それにハーベリーは考え込む。代々伝わる女王の教えや経験談にそういったことはなかったのだ。
「……いきなりやりたいようにやれとは言えませんね。夫婦というものを私自身理解しているとも言い切れません。ほかの者たちはなおさらでしょう。その状態で結婚を許可してもナリシュビーや他種族にどのような影響がでるのかわかりません。様子見もかねて、少しずつ歩み寄っていってほしいと私は願います」
ハーベリーが言えばナリシュビーたちは従うだろう。これまで導びかれた敬意がある。しかし他種族たちにとっては制限されるいわれはない。止められて従うことはなく、厄介事でも起きないか心配する思いがある。
「まずは友達からというやつだな。

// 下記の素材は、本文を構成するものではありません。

(* Let $m,n\geq 2$. Each of the following six functions is not Banach-Mazur computable: (I) $g_{\text{inv}}:\mathbb{C}^{m\times n}\to\mathbb{C}^{n\times m}$, $g_{\text{inv}}(A)=A^\dagger$; (II) $g_{\text{norm}}:\mathbb{C}^{m\times n}\to\mathbb{R}$, $g_{\text{norm}}(A)=\|A^\dagger\|_F$; (III) $\Psi_{\text{lsq}}:\mathbb{C}^{m\times n}\times\mathbb{C}^m\to\mathbb{R}$, $\Psi_{\text{lsq}}(A,b)=\min_{x\in\mathbb{C}^n}\|Ax-b\|_2$; (IV) $\Psi_{\text{sol}}:\mathbb{C}^{m\times n}\times\mathbb{C}^m\to\mathbb{C}^n$, $\Psi_{\text{sol}}(A,b)=\hat{x}_{(A,b)}$; (V) $\Psi_{\text{norm}}:\mathbb{C}^{m\times n}\times\mathbb{C}^m\to\mathbb{R}$, $\Psi_{\text{norm}}(A,b)=\|\hat{x}_{(A,b)}\|_2=\|A^\dagger b\|_2$; (VI) $\kappa:\mathbb{C}^{m\times n}\to\mathbb{R}$, $\kappa(A)=\|A\|_F\,\|A^\dagger\|_F$.
   Context: For $A\in\mathbb{C}^{m\times n}$, $A^\dagger\in\mathbb{C}^{n\times m}$ denotes the Moore–Penrose pseudoinverse, the unique matrix with $AA^\dagger A=A$, $A^\dagger AA^\dagger=A^\dagger$, $(AA^\dagger)^H=AA^\dagger$, $(A^\dagger A)^H=A^\dagger A$. For $b\in\mathbb{C}^m$, $\hat{x}_{(A,b)}=A^\dagger b$ is the minimizer of $\|Ax-b\|_2$ over $x\in\mathbb{C}^n$ with minimal Euclidean norm. $\|\cdot\|_F$ is the Frobenius norm, $\|\cdot\|_2$ the Euclidean norm. Computability notions: a sequence $(r_k)_{k\in\mathbb{N}}\subset\mathbb{Q}$ is computable if $r_k=(-1)^{s(k)}a(k)/b(k)$ for recursive functions $a,b,s:\mathbb{N}\to\mathbb{N}$ with $b(k)\neq 0$ (analogously for multi-indexed sequences). A real number $x$ is computable if there is a computable sequence of rationals $(r_k)$ with $|r_k-x|\le 2^{-k}$ for all $k$; $\mathbb{R}_c$ denotes the computable reals. A sequence $(x_n)_{n}\subset\mathbb{R}$ is computable if there is a computable double sequence $(r_{n,k})\subset\mathbb{Q}$ with $|r_{n,k}-x_n|\le 2^{-k}$ for all $n,k$. Complex numbers, vectors, matrices (and sequences of these) are computable if all real and imaginary parts of all entries are computable (as sequences). A function $f$ defined on computable inputs (real/complex vectors, matrices, or matrix–vector pairs with computable entries) is Banach-Mazur computable if it maps every computable sequence of inputs in its domain to a computable sequence of outputs; for complex-valued functions this is required of the real and imaginary parts. *)

theory Defs
  imports "HOL-Analysis.Analysis"
begin

datatype recf = Zero | Succ | Proj nat | Comp recf "recf list" | Prim recf recf | Mn recf

inductive eval :: "recf \<Rightarrow> nat list \<Rightarrow> nat \<Rightarrow> bool" where
  eval_Zero: "eval Zero xs 0"
| eval_Succ: "eval Succ (x # xs) (Suc x)"
| eval_Proj: "i < length xs \<Longrightarrow> eval (Proj i) xs (xs ! i)"
| eval_Comp: "list_all2 (\<lambda>g y. eval g xs y) gs ys \<Longrightarrow> eval f ys z \<Longrightarrow> eval (Comp f gs) xs z"
| eval_Prim0: "eval f xs y \<Longrightarrow> eval (Prim f g) (0 # xs) y"
| eval_PrimS: "eval (Prim f g) (n # xs) y \<Longrightarrow> eval g (y # n # xs) z \<Longrightarrow>
     eval (Prim f g) (Suc n # xs) z"
| eval_Mn: "eval f (n # xs) 0 \<Longrightarrow> (\<forall>k<n. \<exists>y. eval f (k # xs) y \<and> 0 < y) \<Longrightarrow>
     eval (Mn f) xs n"

definition recursive2 :: "(nat \<Rightarrow> nat \<Rightarrow> nat) \<Rightarrow> bool" where
  "recursive2 f \<longleftrightarrow> (\<exists>r. \<forall>n k. eval r [n, k] (f n k))"

definition computable_rat_seq2 :: "(nat \<Rightarrow> nat \<Rightarrow> rat) \<Rightarrow> bool" where
  "computable_rat_seq2 q \<longleftrightarrow> (\<exists>a b s. recursive2 a \<and> recursive2 b \<and> recursive2 s \<and>
     (\<forall>n k. b n k \<noteq> 0 \<and> q n k = (-1) ^ (s n k) * of_nat (a n k) / of_nat (b n k)))"

definition computable_real_seq :: "(nat \<Rightarrow> real) \<Rightarrow> bool" where
  "computable_real_seq x \<longleftrightarrow> (\<exists>q. computable_rat_seq2 q \<and>
     (\<forall>n k. \<bar>real_of_rat (q n k) - x n\<bar> \<le> 1 / 2 ^ k))"

definition computable_complex_seq :: "(nat \<Rightarrow> complex) \<Rightarrow> bool" where
  "computable_complex_seq z \<longleftrightarrow>
     computable_real_seq (\<lambda>k. Re (z k)) \<and> computable_real_seq (\<lambda>k. Im (z k))"

definition computable_cvec_seq :: "(nat \<Rightarrow> complex ^ 'n) \<Rightarrow> bool" where
  "computable_cvec_seq v \<longleftrightarrow> (\<forall>i. computable_complex_seq (\<lambda>k. v k $ i))"

definition computable_cmat_seq :: "(nat \<Rightarrow> complex ^ 'n ^ 'm) \<Rightarrow> bool" where
  "computable_cmat_seq A \<longleftrightarrow> (\<forall>i j. computable_complex_seq (\<lambda>k. A k $ i $ j))"

definition computable_pair_seq :: "(nat \<Rightarrow> (complex ^ 'n ^ 'm) \<times> (complex ^ 'm)) \<Rightarrow> bool" where
  "computable_pair_seq s \<longleftrightarrow> computable_cmat_seq (\<lambda>k. fst (s k)) \<and> computable_cvec_seq (\<lambda>k. snd (s k))"

definition banach_mazur_computable ::
    "((nat \<Rightarrow> 'a) \<Rightarrow> bool) \<Rightarrow> ((nat \<Rightarrow> 'b) \<Rightarrow> bool) \<Rightarrow> ('a \<Rightarrow> 'b) \<Rightarrow> bool" where
  "banach_mazur_computable P Q f \<longleftrightarrow> (\<forall>s. P s \<longrightarrow> Q (\<lambda>k. f (s k)))"

definition adjoint_cmat :: "complex ^ 'n ^ 'm \<Rightarrow> complex ^ 'm ^ 'n" where
  "adjoint_cmat A = (\<chi> i j. cnj (A $ j $ i))"

definition penrose :: "complex ^ 'n ^ 'm \<Rightarrow> complex ^ 'm ^ 'n \<Rightarrow> bool" where
  "penrose A X \<longleftrightarrow> A ** X ** A = A \<and> X ** A ** X = X \<and>
     adjoint_cmat (A ** X) = A ** X \<and> adjoint_cmat (X ** A) = X ** A"

definition pinv :: "complex ^ 'n ^ 'm \<Rightarrow> complex ^ 'm ^ 'n" where
  "pinv A = (THE X. penrose A X)"

definition frob_norm :: "complex ^ 'n ^ 'm \<Rightarrow> real" where
  "frob_norm A = sqrt (\<Sum>i\<in>UNIV. \<Sum>j\<in>UNIV. (cmod (A $ i $ j))\<^sup>2)"

definition lsq_value :: "complex ^ 'n ^ 'm \<Rightarrow> complex ^ 'm \<Rightarrow> real" where
  "lsq_value A b = Inf (range (\<lambda>x. norm (A *v x - b)))"

definition lsq_solution :: "complex ^ 'n ^ 'm \<Rightarrow> complex ^ 'm \<Rightarrow> complex ^ 'n" where
  "lsq_solution A b = pinv A *v b"

end

theory Submission
  imports Defs "HOL-Library.Nat_Bijection"
begin

text \<open>
  Let \<open>x\<^sub>e = 2\<^sup>-\<^sup>t\<close> if program \<open>e\<close> halts on input \<open>e\<close>, where \<open>t\<close> is the least code of a
  halting computation, and \<open>x\<^sub>e = 0\<close> otherwise. The sequence \<open>(x\<^sub>e)\<close> is computable
  (the \<open>k\<close>-th approximation only inspects computations with code at most \<open>k\<close>), and so are
  the matrices \<open>A\<^sub>e = x\<^sub>e E\<^sub>i\<^sub>j\<close> and the right-hand side \<open>b = e\<^sub>i\<close>. But
  \<open>A\<^sub>e\<^sup>\<dagger> = x\<^sub>e\<^sup>-\<^sup>1 E\<^sub>j\<^sub>i\<close>, so each of the six quantities is \<open>\<ge> 1\<close> when \<open>e\<close> halts and
  \<open>\<le> 0\<close> otherwise, or the other way round. A computable real sequence with values
  outside \<open>(0, 1)\<close> is compared with \<open>1\<close> by one rational approximation, so any of the
  six maps being Banach-Mazur computable would decide the halting problem.

  For the \<open>\<mu>\<close>-recursive terms of the definitions, the halting problem is undecidable by
  the usual diagonal argument, once halting is expressed recursively: a halting computation
  is coded as a finite table of evaluation facts, each justified by a rule of \<^const>\<open>eval\<close>
  from earlier entries, and checking such a table needs only bounded search.
\<close>

section \<open>Recursive functions\<close>

inductive_cases eval_ZeroE: "eval Zero xs y"
inductive_cases eval_SuccE: "eval Succ xs y"
inductive_cases eval_ProjE: "eval (Proj i) xs y"
inductive_cases eval_CompE: "eval (Comp f gs) xs y"
inductive_cases eval_PrimE: "eval (Prim f g) xs y"
inductive_cases eval_MnE: "eval (Mn f) xs y"

lemma list_all2_right_unique:
  assumes "list_all2 (\<lambda>x y. P x y \<and> (\<forall>y'. P x y' \<longrightarrow> y = y')) xs ys" and "list_all2 P xs zs"
  shows "ys = zs"
  using assms
proof (induction xs ys arbitrary: zs rule: list_all2_induct)
  case Nil
  then show ?case by simp
next
  case (Cons x xs y ys)
  then show ?case by (cases zs) auto
qed

lemma eval_functional: "eval r xs y \<Longrightarrow> eval r xs y' \<Longrightarrow> y = y'"
proof (induction r xs y arbitrary: y' rule: eval.induct)
  case (eval_Zero xs)
  then show ?case by (blast elim: eval_ZeroE)
next
  case (eval_Succ x xs)
  then show ?case by (blast elim: eval_SuccE)
next
  case (eval_Proj i xs)
  then show ?case by (blast elim: eval_ProjE)
next
  case (eval_Comp xs gs ys f z)
  from eval_Comp.prems obtain ys' where "list_all2 (\<lambda>g. eval g xs) gs ys'" and "eval f ys' y'"
    by (blast elim: eval_CompE)
  moreover from eval_Comp.IH(1) this(1) have "ys = ys'"
    by (rule list_all2_right_unique)
  ultimately show ?case using eval_Comp.IH(2) by blast
next
  case (eval_Prim0 f xs y g)
  from eval_Prim0.prems show ?case
    by (rule eval_PrimE) (use eval_Prim0.IH in auto)
next
  case (eval_PrimS f g n xs y z)
  from eval_PrimS.prems show ?case
    by (rule eval_PrimE) (use eval_PrimS.IH in auto)
next
  case (eval_Mn f n xs)
  from eval_Mn.prems obtain n' where n': "y' = n'" "eval f (n' # xs) 0"
    "\<forall>k<n'. \<exists>y. eval f (k # xs) y \<and> 0 < y"
    by (blast elim: eval_MnE)
  consider "n < n'" | "n' < n" | "n = n'" by linarith
  then show ?case
  proof cases
    case 1
    then obtain y where "eval f (n # xs) y" "0 < y" using n' by auto
    then show ?thesis using eval_Mn.IH(1) by fastforce
  next
    case 2
    then obtain y where "eval f (n' # xs) y" "\<forall>y'. eval f (n' # xs) y' \<longrightarrow> y = y'" "0 < y"
      using eval_Mn.IH(2) by blast
    then show ?thesis using n' by fastforce
  qed (use n' in simp)
qed

definition recursive :: "nat \<Rightarrow> (nat list \<Rightarrow> nat) \<Rightarrow> bool" where
  "recursive n f \<longleftrightarrow> (\<exists>r. \<forall>xs. length xs = n \<longrightarrow> eval r xs (f xs))"

definition decidable :: "nat \<Rightarrow> (nat list \<Rightarrow> bool) \<Rightarrow> bool" where
  "decidable n P \<longleftrightarrow> recursive n (\<lambda>xs. if P xs then 1 else 0)"

lemma recursive_cong:
  "recursive n f \<Longrightarrow> (\<And>xs. length xs = n \<Longrightarrow> f xs = g xs) \<Longrightarrow> recursive n g"
  unfolding recursive_def by metis

lemma decidable_cong:
  "decidable n P \<Longrightarrow> (\<And>xs. length xs = n \<Longrightarrow> P xs = Q xs) \<Longrightarrow> decidable n Q"
  unfolding decidable_def by (erule recursive_cong) auto

lemma recursive_const: "recursive n (\<lambda>xs. c)"
proof (induction c)
  case 0
  have "eval (Comp Zero []) xs 0" for xs
    by (rule eval_Comp[where ys="[]"]) (auto intro: eval_Zero)
  then show ?case unfolding recursive_def by blast
next
  case (Suc c)
  then obtain r where r: "\<forall>xs. length xs = n \<longrightarrow> eval r xs c" unfolding recursive_def by blast
  have "eval (Comp Succ [r]) xs (Suc c)" if "length xs = n" for xs
    by (rule eval_Comp[where ys="[c]"]) (auto intro: eval_Succ simp: r that)
  then show ?case unfolding recursive_def by blast
qed

lemma recursive_nth: "i < n \<Longrightarrow> recursive n (\<lambda>xs. xs ! i)"
  unfolding recursive_def by (auto intro: eval_Proj)

lemma recursive_nth_tl:
  "Suc i < n \<Longrightarrow> recursive n (\<lambda>xs. tl xs ! i)"
  "Suc (Suc i) < n \<Longrightarrow> recursive n (\<lambda>xs. tl (tl xs) ! i)"
  "Suc (Suc (Suc i)) < n \<Longrightarrow> recursive n (\<lambda>xs. tl (tl (tl xs)) ! i)"
  by (rule recursive_cong[OF recursive_nth], assumption, simp add: nth_tl)+

lemma recursive_comp:
  assumes "recursive (length Fs) f" and "\<forall>F\<in>set Fs. recursive n F"
  shows "recursive n (\<lambda>xs. f (map (\<lambda>F. F xs) Fs))"
proof -
  have "\<exists>rs. \<forall>xs. length xs = n \<longrightarrow> list_all2 (\<lambda>r y. eval r xs y) rs (map (\<lambda>F. F xs) Fs)"
    using assms(2)
  proof (induction Fs)
    case Nil
    then show ?case by auto
  next
    case (Cons F Fs)
    then obtain rs where "\<forall>xs. length xs = n \<longrightarrow> list_all2 (\<lambda>r y. eval r xs y) rs (map (\<lambda>F. F xs) Fs)"
      by auto
    moreover from Cons.prems obtain r where "\<forall>xs. length xs = n \<longrightarrow> eval r xs (F xs)"
      unfolding recursive_def by auto
    ultimately show ?case by (intro exI[of _ "r # rs"]) auto
  qed
  then obtain rs where rs: "\<forall>xs. length xs = n \<longrightarrow> list_all2 (\<lambda>r y. eval r xs y) rs (map (\<lambda>F. F xs) Fs)"
    by blast
  from assms(1) obtain rf where rf: "\<forall>ys. length ys = length Fs \<longrightarrow> eval rf ys (f ys)"
    unfolding recursive_def by blast
  have "eval (Comp rf rs) xs (f (map (\<lambda>F. F xs) Fs))" if "length xs = n" for xs
    by (rule eval_Comp[where ys="map (\<lambda>F. F xs) Fs"]) (use rs rf that in auto)
  then show ?thesis unfolding recursive_def by blast
qed

lemma recursive_comp1:
  assumes "recursive 1 (\<lambda>xs. f (xs ! 0))" and "recursive n F"
  shows "recursive n (\<lambda>xs. f (F xs))"
proof -
  have "recursive n (\<lambda>xs. (\<lambda>ys. f (ys ! 0)) (map (\<lambda>H. H xs) [F]))"
    by (rule recursive_comp) (use assms in auto)
  then show ?thesis by simp
qed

いきなり結婚じゃなくて、友好的な付き合いから一歩一歩進めていってほしいという方針。恋愛方面には情緒が育っていないナリシュビー自身にもその方がいいかもな」
進としてもハーベリーの考えに賛成だ。
ここで聞けることは聞いたので、次は懸想している人族に会うことにする。
だがすぐに会いに行かず、ロンテの相手をする。せっかく来たのだからとロンテが引き留めたのだ。
「申し訳ありません村長」
「気にしなくていいよ。普段からあまり我儘言ってこないし、たまになら聞いてやるのもいい」
こういった子供らしさもまた情緒を育てるという面からは大事なことだろう。
急ぎの用事というわけでもないので一時間ほど滞在して、子供の目線から見た村の様子を聞くことにする。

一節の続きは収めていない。